[Entries taken from a collection]
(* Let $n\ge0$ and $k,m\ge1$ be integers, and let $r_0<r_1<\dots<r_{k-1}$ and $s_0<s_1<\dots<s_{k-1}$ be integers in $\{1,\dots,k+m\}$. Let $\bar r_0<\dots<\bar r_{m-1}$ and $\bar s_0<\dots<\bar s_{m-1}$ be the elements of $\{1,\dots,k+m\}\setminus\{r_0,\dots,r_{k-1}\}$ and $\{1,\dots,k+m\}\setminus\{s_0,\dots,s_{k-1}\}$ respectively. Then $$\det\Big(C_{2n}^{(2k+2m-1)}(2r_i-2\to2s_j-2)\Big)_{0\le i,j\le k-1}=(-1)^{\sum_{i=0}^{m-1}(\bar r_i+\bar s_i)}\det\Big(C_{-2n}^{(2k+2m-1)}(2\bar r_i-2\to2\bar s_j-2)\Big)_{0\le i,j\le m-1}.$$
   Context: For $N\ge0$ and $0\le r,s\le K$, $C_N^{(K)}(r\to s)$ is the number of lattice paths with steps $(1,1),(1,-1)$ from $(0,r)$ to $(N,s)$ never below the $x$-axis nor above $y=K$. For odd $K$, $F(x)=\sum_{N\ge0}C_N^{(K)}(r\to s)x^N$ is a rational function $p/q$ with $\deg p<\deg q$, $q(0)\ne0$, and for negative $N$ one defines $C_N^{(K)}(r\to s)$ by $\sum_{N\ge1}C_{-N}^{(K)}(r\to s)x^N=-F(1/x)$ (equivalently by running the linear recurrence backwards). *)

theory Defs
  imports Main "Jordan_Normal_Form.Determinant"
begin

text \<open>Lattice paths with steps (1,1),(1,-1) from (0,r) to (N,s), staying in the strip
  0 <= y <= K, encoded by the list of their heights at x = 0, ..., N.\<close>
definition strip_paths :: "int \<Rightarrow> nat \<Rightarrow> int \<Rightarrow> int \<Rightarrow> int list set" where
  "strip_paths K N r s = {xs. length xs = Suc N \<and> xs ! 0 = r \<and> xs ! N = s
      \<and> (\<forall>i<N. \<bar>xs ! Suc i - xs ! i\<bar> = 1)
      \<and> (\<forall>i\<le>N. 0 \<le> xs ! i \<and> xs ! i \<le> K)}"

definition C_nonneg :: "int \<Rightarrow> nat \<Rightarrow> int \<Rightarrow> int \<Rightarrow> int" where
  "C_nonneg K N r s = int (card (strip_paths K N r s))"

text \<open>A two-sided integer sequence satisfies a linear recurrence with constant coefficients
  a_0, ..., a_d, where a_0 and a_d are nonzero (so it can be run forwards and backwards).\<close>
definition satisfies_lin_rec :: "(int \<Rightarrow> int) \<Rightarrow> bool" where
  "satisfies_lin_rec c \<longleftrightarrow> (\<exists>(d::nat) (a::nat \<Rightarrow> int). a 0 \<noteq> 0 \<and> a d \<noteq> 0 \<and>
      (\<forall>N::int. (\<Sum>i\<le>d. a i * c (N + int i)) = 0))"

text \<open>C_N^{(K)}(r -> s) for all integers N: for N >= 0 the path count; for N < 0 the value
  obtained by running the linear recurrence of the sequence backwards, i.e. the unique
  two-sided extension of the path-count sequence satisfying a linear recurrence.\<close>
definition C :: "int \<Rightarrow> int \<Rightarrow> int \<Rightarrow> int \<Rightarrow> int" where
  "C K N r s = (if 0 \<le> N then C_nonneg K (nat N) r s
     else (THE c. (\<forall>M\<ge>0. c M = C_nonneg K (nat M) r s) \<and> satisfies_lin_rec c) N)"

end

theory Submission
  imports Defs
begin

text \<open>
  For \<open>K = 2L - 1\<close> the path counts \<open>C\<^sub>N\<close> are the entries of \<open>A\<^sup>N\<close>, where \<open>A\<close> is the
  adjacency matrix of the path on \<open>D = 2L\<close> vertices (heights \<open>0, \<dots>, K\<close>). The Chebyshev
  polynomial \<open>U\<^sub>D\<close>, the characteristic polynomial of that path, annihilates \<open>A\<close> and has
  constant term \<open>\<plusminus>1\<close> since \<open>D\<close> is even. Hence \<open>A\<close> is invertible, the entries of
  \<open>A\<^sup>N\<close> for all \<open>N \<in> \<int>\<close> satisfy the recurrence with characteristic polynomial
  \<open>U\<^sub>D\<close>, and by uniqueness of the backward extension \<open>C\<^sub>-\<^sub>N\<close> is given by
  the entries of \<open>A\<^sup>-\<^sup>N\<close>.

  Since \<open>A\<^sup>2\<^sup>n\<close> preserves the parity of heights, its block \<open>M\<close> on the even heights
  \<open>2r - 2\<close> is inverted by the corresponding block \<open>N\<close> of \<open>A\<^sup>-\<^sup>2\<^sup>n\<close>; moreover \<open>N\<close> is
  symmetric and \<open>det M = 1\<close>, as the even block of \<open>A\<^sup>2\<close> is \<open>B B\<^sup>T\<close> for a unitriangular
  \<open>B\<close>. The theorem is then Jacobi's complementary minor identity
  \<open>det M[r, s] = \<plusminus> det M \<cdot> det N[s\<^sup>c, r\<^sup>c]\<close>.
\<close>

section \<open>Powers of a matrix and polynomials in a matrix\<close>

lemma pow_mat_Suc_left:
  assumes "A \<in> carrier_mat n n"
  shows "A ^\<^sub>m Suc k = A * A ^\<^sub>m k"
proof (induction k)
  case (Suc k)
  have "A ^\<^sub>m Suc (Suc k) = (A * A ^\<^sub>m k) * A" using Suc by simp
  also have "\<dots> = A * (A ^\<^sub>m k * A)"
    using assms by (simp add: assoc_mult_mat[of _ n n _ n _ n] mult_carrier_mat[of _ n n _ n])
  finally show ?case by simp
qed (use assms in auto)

• **PROMPT**
Task for the records above: copy every line in which the word "constant" occurs.

• **RESULT FOR THIS EXERCISE**
text \<open>A two-sided integer sequence satisfies a linear recurrence with constant coefficients
  constant term \<open>\<plusminus>1\<close> since \<open>D\<close> is even. Hence \<open>A\<close> is invertible, the entries of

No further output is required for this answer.